September 22, 2018

Preservatif Konservatif

Siang itu, cuaca memang berangin, tapi kamu hanya ditemani bayanganmu, masih lengkap dengan seragam tadi pagi.
Jalanmu mulai lelah, tapi kamu paksa untuk sampai setidaknya 2 kilometer lagi untuk melangkah.
Tetes-tetes keringat sudah memperingatkanmu, tapi justru mereka yang memberitahuku.
Memberitahu sepeda motor yang saat itu akan kukendarai untuk tak segera ke tempat ku berada seharusnya.
Memberitahu ragaku untuk segera bergerak ke arahmu, mereka bilang itu harus, mereka bilang bukan maumu, tapi harusku.
Memberitahu tuturku yang biasanya bicara sesukanya untuk menyampaikan yang benar kepadamu.

Siang itu, tuturmu juga menyampaikan yang benar apa maumu. Tutur yang menolak tuturku itu menyampaikan yang benar apa maumu, tapi, caramu melangkah menyampaikan yang benar apa harusku.
Meyakinkanmu adalah keindahan yang inginku panjangkan, perbincangan mengenai bagaimana aku harus membuatmu yakin bahwa kaki-kakimu itu butuh istirahat adalah sebuah tetes air pada kering tenggorokanku.

Siang itu, kali pertama kamu bilang "Iya" untuk apa saja ajakanku. Dan aku tidak berharap lebih, cukup apa yang kamu lakukan setelah kata itu, aku tak menginginkan apapun lagi.
Cukup dengan kamu duduk di jok belakang sepeda motorku, menjaga jarak karena aku tau kamu pasti begitu, dan menyamankan diri sampai nanti tempat tujuan menanti.

Siang itu, obrolan-obrolan kilat kubuat agar kamu tidak mati kebosanan, atau mungkin hanya aku yang ingin berbincang denganmu, di kesempatan yang hampir mustahil ini. Otakku terbagi sempit, antara obrolan itu dan seberapa sebentar waktu yang akan dihabisi untuk ini, mengingat rumahmu yang akan dituju tidak lebih dari 15 menit.

Lalu siang itu, membuat detak-detak di tiap jam berhenti di kepalaku, berharap agar terdapat setidaknya 3600 detik di tiap menitnya. Agar waktu terasa lama. Agar jarak sedekat ini denganmu menjadi sebuah hal yang tak perlu aku banggakan namun dapat dibingkai di salah satu sel-sel otakku yang kecil ini.

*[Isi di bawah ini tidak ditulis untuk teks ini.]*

lemma
  assumes b: "integrable M2 b"
  shows integrable_snd_mult: "integrable (M1 \<Otimes>\<^sub>M M2) (\<lambda>z. b (snd z) * g z)"
    and integral_snd_mult: "(\<integral>z. b (snd z) * g z \<partial>(M1 \<Otimes>\<^sub>M M2)) = (\<integral>y. b y * interim M1 g y \<partial>M2)"
proof -
  interpret swapped: pair_real_distribution M2 M1
    by intro_locales
  have [measurable]: "b \<in> borel_measurable M2"
    using b by (rule borel_measurable_integrable)
  have swap_eq: "(\<lambda>(x, y). b x * g (y, x)) = (\<lambda>z. b (fst z) * g z)"
    using g_symmetric by auto
  show "integrable (M1 \<Otimes>\<^sub>M M2) (\<lambda>z. b (snd z) * g z)"
    using swapped.integrable_fst_mult[OF g_measurable g_bounded b]
    by (simp add: integrable_product_swap_iff[symmetric] swap_eq)
  have "(\<integral>z. b (snd z) * g z \<partial>(M1 \<Otimes>\<^sub>M M2)) = (\<integral>z. b (fst z) * g z \<partial>(M2 \<Otimes>\<^sub>M M1))"
    by (simp add: integral_product_swap[symmetric] swap_eq)
  also have "\<dots> = (\<integral>y. b y * interim M1 g y \<partial>M2)"
    by (rule swapped.integral_fst_mult[OF g_measurable g_bounded b])
  finally show "(\<integral>z. b (snd z) * g z \<partial>(M1 \<Otimes>\<^sub>M M2)) = (\<integral>y. b y * interim M1 g y \<partial>M2)" .
qed

lemma integral_interim_eq: "(\<integral>x. interim M2 g x \<partial>M1) = (\<integral>y. interim M1 g y \<partial>M2)"
  using integral_fst_mult[of "\<lambda>_. 1"] integral_snd_mult[of "\<lambda>_. 1"] by simp

lemma welfare_eq_interim:
  assumes x1: "integrable M1 (\<lambda>x. x)" and x2: "integrable M2 (\<lambda>x. x)"
  shows "welfare M1 M2 g = (\<integral>x. x * interim M2 g x \<partial>M1) + (\<integral>y. y * interim M1 g y \<partial>M2)"
proof -
  have "welfare M1 M2 g = (\<integral>z. fst z * g z + snd z * g z \<partial>(M1 \<Otimes>\<^sub>M M2))"
    unfolding welfare_def by (simp add: algebra_simps)
  also have "\<dots> = (\<integral>z. fst z * g z \<partial>(M1 \<Otimes>\<^sub>M M2)) + (\<integral>z. snd z * g z \<partial>(M1 \<Otimes>\<^sub>M M2))"
    using integrable_fst_mult[OF x1] integrable_snd_mult[OF x2] by simp
  also have "\<dots> = (\<integral>x. x * interim M2 g x \<partial>M1) + (\<integral>y. y * interim M1 g y \<partial>M2)"
    using integral_fst_mult[OF x1] integral_snd_mult[OF x2] by simp
  finally show ?thesis .
qed

end

end

end

context real_distribution
begin

lemma borel_measurable_interim:
  assumes "g \<in> borel_measurable (borel \<Otimes>\<^sub>M borel)"
  shows "interim M g \<in> borel_measurable borel"
proof -
  have "sets (borel \<Otimes>\<^sub>M M) = sets (borel \<Otimes>\<^sub>M borel)"
    by (rule sets_pair_measure_cong) simp_all
  then have "(\<lambda>(v, y). g (v, y)) \<in> borel_measurable (borel \<Otimes>\<^sub>M M)"
    using assms by (simp cong: measurable_cong_sets)
  then show ?thesis
    unfolding interim_def by (rule borel_measurable_lebesgue_integral)
qed

context
  fixes g :: "real \<times> real \<Rightarrow> real"
  assumes g_measurable [measurable]: "g \<in> borel_measurable (borel \<Otimes>\<^sub>M borel)"
    and g_nonneg: "\<And>z. 0 \<le> g z" and g_le_one: "\<And>z. g z \<le> 1"
begin

lemma interim_nonneg: "0 \<le> interim M g v"
  unfolding interim_def by (rule integral_nonneg_AE) (simp add: g_nonneg)

lemma interim_le_one: "interim M g v \<le> 1"
  unfolding interim_def
  by (rule integral_le_const) (auto intro!: integrable_const_bound[where B=1] simp: g_nonneg g_le_one)

lemma integral_sign_interim_le:
  assumes g_symmetric: "\<And>x y. g (x, y) = g (y, x)"
  shows "(\<integral>x. (if 0 < x then 1 else -1) * interim M g x \<partial>M) \<le> pos_prob M ^ 2"
proof -
  interpret MM: pair_real_distribution M M
    by intro_locales
  define s :: "real \<Rightarrow> real" where "s x = (if 0 < x then 1 else -1)" for x
  define pos :: "real \<Rightarrow> real" where "pos x = (if 0 < x then 1 else 0)" for x
  have g_bounded: "\<bar>g z\<bar> \<le> 1" for z
    using g_nonneg[of z] g_le_one[of z] by simp
  have s_int: "integrable M s"
    unfolding s_def by (rule integrable_const_bound[where B=1]) simp_all
  have pos_int: "integrable M pos"
    unfolding pos_def by (rule integrable_const_bound[where B=1]) simp_all
  have pos_snd_measurable: "(\<lambda>z. pos (snd z)) \<in> borel_measurable (borel \<Otimes>\<^sub>M borel)"
    unfolding pos_def by measurable
  have pos_bounded: "\<bar>pos (snd z)\<bar> \<le> 1" for z
    by (simp add: pos_def)
  have interim_pos: "interim M (\<lambda>z. pos (snd z)) x = pos_prob M" for x
    using integral_pos_indicator by (simp add: interim_def pos_def)
  note int_s_g = MM.integrable_fst_mult[OF g_measurable g_bounded s_int]
    MM.integrable_snd_mult[OF g_measurable g_bounded g_symmetric s_int]
  note int_pos_pos = MM.integrable_fst_mult[OF pos_snd_measurable pos_bounded pos_int]
  have "2 * (\<integral>x. s x * interim M g x \<partial>M)
      = (\<integral>z. s (fst z) * g z + s (snd z) * g z \<partial>(M \<Otimes>\<^sub>M M))"
    using int_s_g MM.integral_fst_mult[OF g_measurable g_bounded s_int]
      MM.integral_snd_mult[OF g_measurable g_bounded g_symmetric s_int]
    by simp
  also have "\<dots> \<le> (\<integral>z. 2 * (pos (fst z) * pos (snd z)) \<partial>(M \<Otimes>\<^sub>M M))"
  proof (rule integral_mono)
    \<comment> \<open>(s x + s y) / 2 is 1, 0 or -1 according as two, one or none of x, y are positive\<close>
    show "s (fst z) * g z + s (snd z) * g z \<le> 2 * (pos (fst z) * pos (snd z))" for z
      using g_nonneg[of z] g_le_one[of z] by (auto simp: s_def pos_def)
  qed (use int_s_g int_pos_pos in simp_all)
  also have "\<dots> = 2 * (\<integral>x. pos x * pos_prob M \<partial>M)"
    using MM.integral_fst_mult[OF pos_snd_measurable pos_bounded pos_int] by (simp add: interim_pos)
  also have "\<dots> = 2 * pos_prob M ^ 2"
    using integral_pos_indicator by (simp add: pos_def power2_eq_square)
  finally show ?thesis
    by (simp add: s_def)
qed

end

end

text \<open>Read for an agent whose value is positive with probability p, whose opponent's is with
  probability q, with interim probabilities A (own value positive) and B (nonpositive) of R, and
  with u, w the expectations of the value on v > 0 and on v \<le> 0: the left side is the agent's
  welfare gain over f^(2) (where A = q, B = 0) and the first factor on the right the gain of
  f^(1) (where A = 1, B = q); t and D are the excesses over f^(2) of the ex-ante probability
  of R under the given rule and under f^(1).\<close>
lemma gain_le_mixture_gain:
  fixes p q A B u w t D :: real
  assumes p: "0 < p" "p < 1" and q: "0 < q" "q < 1" and u: "0 \<le> u" and w: "w \<le> 0"
    and A: "A \<le> 1" and B: "0 \<le> B" and sym_bound: "q * A - (1 - q) * B \<le> q\<^sup>2"
    and t: "t = p * A + (1 - p) * B - p * q" and D: "D = p * (1 - q) + (1 - p) * q"
  shows "A * u + B * w - q * u \<le> (u * (1 - q) + w * q) * (min (max t 0) D / D)"
proof -
  have "0 < D"
    using p q by (simp add: D add_pos_pos)
  have u_w: "0 \<le> (1 - p) * u - p * w"
    using p u w mult_nonneg_nonneg[of "1 - p" u] mult_nonneg_nonpos[of p w] by linarith
  consider "t \<le> 0" | "0 < t" "t \<le> D" | "D < t"
    by linarith
  then show ?thesis
  proof cases
    case 1
    have "p * (A * u + B * w - q * u) = u * t - B * ((1 - p) * u - p * w)"
      by (simp add: t algebra_simps)
    also have "\<dots> \<le> 0"
      using mult_nonneg_nonpos[OF u 1] mult_nonneg_nonneg[OF B u_w] by linarith
    finally have "A * u + B * w - q * u \<le> 0"
      using p by (simp add: mult_le_0_iff)
    then show ?thesis
      using 1 \<open>0 < D\<close> by simp
  next
    case 2
    have "0 \<le> (1 - q) * B - q * (A - q)"
      using sym_bound by (simp add: algebra_simps power2_eq_square)
    with u_w have "0 \<le> ((1 - p) * u - p * w) * ((1 - q) * B - q * (A - q))"
      by simp
    moreover have "D * (A * u + B * w - q * u)
        = (u * (1 - q) + w * q) * t - ((1 - p) * u - p * w) * ((1 - q) * B - q * (A - q))"
      by (simp add: t D algebra_simps)
    ultimately have "D * (A * u + B * w - q * u) \<le> (u * (1 - q) + w * q) * t"
      by linarith
    then show ?thesis
      using 2 \<open>0 < D\<close> by (simp add: pos_le_divide_eq mult.commute)
  next
    case 3
    have "(1 - p) * (A * u + B * w - q * u - (u * (1 - q) + w * q))
        = w * (t - D) + (A - 1) * ((1 - p) * u - p * w)"
      by (simp add: t D algebra_simps)
    also have "\<dots> \<le> 0"
      using mult_nonpos_nonneg[of w "t - D"] mult_nonpos_nonneg[of "A - 1" "(1 - p) * u - p * w"]
        w A u_w 3 by linarith
    finally have "A * u + B * w - q * u \<le> u * (1 - q) + w * q"
      using p by (simp add: mult_le_0_iff)
    then show ?thesis
      using 3 \<open>0 < D\<close> by simp
  qed
qed

lemma step_welfare_le_max:
  fixes p1 p2 A1 B1 A2 B2 u1 w1 u2 w2 :: real
  assumes p: "0 < p1" "p1 < 1" "0 < p2" "p2 < 1"
    and u: "0 \<le> u1" "0 \<le> u2" and w: "w1 \<le> 0" "w2 \<le> 0"
    and A: "A1 \<le> 1" "A2 \<le> 1" and B: "0 \<le> B1" "0 \<le> B2"
    and sym1: "p2 * A1 - (1 - p2) * B1 \<le> p2\<^sup>2" and sym2: "p1 * A2 - (1 - p1) * B2 \<le> p1\<^sup>2"
    and consistent: "p1 * A1 + (1 - p1) * B1 = p2 * A2 + (1 - p2) * B2"
  shows "A1 * u1 + B1 * w1 + A2 * u2 + B2 * w2 \<le> max (u1 + p2 * w1 + u2 + p1 * w2) (p2 * u1 + p1 * u2)"
proof -
  define t where "t = p1 * A1 + (1 - p1) * B1 - p1 * p2"
  define D where "D = p1 * (1 - p2) + (1 - p1) * p2"
  define c where "c = min (max t 0) D / D"
  have "0 < D"
    using p by (simp add: D_def add_pos_pos)
  then have c: "0 \<le> c" "c \<le> 1"
    by (auto simp: c_def)
  have gain1: "A1 * u1 + B1 * w1 - p2 * u1 \<le> (u1 * (1 - p2) + w1 * p2) * c"
    unfolding c_def by (rule gain_le_mixture_gain[OF p u(1) w(1) A(1) B(1) sym1 t_def D_def])
  have "t = p2 * A2 + (1 - p2) * B2 - p2 * p1" and "D = p2 * (1 - p1) + (1 - p2) * p1"
    using consistent by (simp_all add: t_def D_def algebra_simps)
  then have gain2: "A2 * u2 + B2 * w2 - p1 * u2 \<le> (u2 * (1 - p1) + w2 * p1) * c"
    unfolding c_def by (rule gain_le_mixture_gain[OF p(3,4,1,2) u(2) w(2) A(2) B(2) sym2])
  define K where "K = u1 * (1 - p2) + w1 * p2 + (u2 * (1 - p1) + w2 * p1)"
  have "K * c \<le> max K 0"
    using c by (cases "0 \<le> K") (auto intro: mult_left_le mult_nonpos_nonneg max.coboundedI1 max.coboundedI2)
  moreover have "max (u1 + p2 * w1 + u2 + p1 * w2) (p2 * u1 + p1 * u2) = p2 * u1 + p1 * u2 + max K 0"
    by (simp add: K_def max_def algebra_simps)
  ultimately show ?thesis
    using gain1 gain2 by (simp add: K_def algebra_simps)
qed

lemma step_of_BIC:
  fixes q :: "real \<Rightarrow> real"
  assumes BIC: "\<forall>v\<in>V. \<forall>v'\<in>V. v * q v' \<le> v * q v" and "0 \<notin> V"
    and a: "a \<in> V" "0 < a" and b: "b \<in> V" "b < 0" and v: "v \<in> V"
  shows "q v = (if 0 < v then q a else q b)"
proof (cases "0 < v")
  case True
  have "v * q a \<le> v * q v" and "a * q v \<le> a * q a"
    using BIC a v by auto
  with True a show ?thesis
    by simp
next
  case False
  with v \<open>0 \<notin> V\<close> have "v < 0"
    by (cases "v = 0") auto
  have "v * q b \<le> v * q v" and "b * q v \<le> b * q b"
    using BIC b v by auto
  with \<open>v < 0\<close> b show ?thesis
    by simp
qed

lemma BIC_of_step:
  fixes q :: "real \<Rightarrow> real"
  assumes "\<forall>v\<in>V. q v = (if 0 < v then A else B)" and "B \<le> A"
  shows "\<forall>v\<in>V. \<forall>v'\<in>V. v * q v' \<le> v * q v"
  using assms by (auto intro: mult_left_mono mult_left_mono_neg)

lemma card_chi: "card (chi (x, y)) = of_bool (0 < x) + of_bool (0 < y)"
proof -
  have "chi (x, y) = (if 0 < x then {1} else {}) \<union> (if 0 < y then {2} else {})"
    by (auto simp: chi_def)
  then show ?thesis
    by simp
qed

lemma qmaj_1_eq: "qmaj 1 (x, y) = (if 0 < x \<or> 0 < y then 1 else 0)"
  by (simp add: qmaj_def card_chi)

lemma qmaj_2_eq: "qmaj 2 (x, y) = (if 0 < x \<and> 0 < y then 1 else 0)"
  by (simp add: qmaj_def card_chi)

lemma qmaj_commute: "qmaj k (x, y) = qmaj k (y, x)"
  by (simp add: qmaj_def card_chi add.commute)

lemma qmaj_bounds: "0 \<le> qmaj k z" "qmaj k z \<le> 1"
  by (simp_all add: qmaj_def)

Belum hari menyentuh sore, namun langit sudah menunjukkan lembayung-lembayung cenderung mendung, dan 6 detik lagi sudah akan sampai di depan rumahmu. Kelakar di perjalanan tadi masih terngiang di kepalaku, entah bagaimana denganmu, aku tak mau tau.
Lalu turunlah kaki yang tadi telah lelah menyusuri jalan, kuharap sudah tidak lelah lagi.
Harapanku membayang-bayang yang akan terjadi, perbincangan depan rumah sang gadis, lalu diajak untuk masuk ke dalam, sehingga obrolan kilat telah melesat menjadi dialog ballad yang akan terus melekat.
Tapi itu hanya harapan, ketidak-inginanmu, dan ketidak-nyalianku telah menyatu menjadi momen yang terelakkan tersebut.

"Terima kasih" dan "Sama-sama" adalah basa-basi terindah yang terakhir kali ku dengar darimu kala itu, lalu aku terpaku sejenak, apa aku harus pergi? ya aku harus pergi. Kamu memasukki rumah dan sepeda motor ini bergerak seirama dengan setiap sarafku yang mengingatkanku untuk kemana aku harus pergi, meninggalkan apa yang sudah seharusnya terjadi, meninggalkan apa yang sudah kupilih.

Siang itu. Kala itu. Kamu tidak akan ingat, karena itu hanya ada di memoriku, bagaimana denganmu? entahlah, mungkin aku tidak perduli. Tapi aku harap ada di ingatanmu setelah kubagikan semua ini.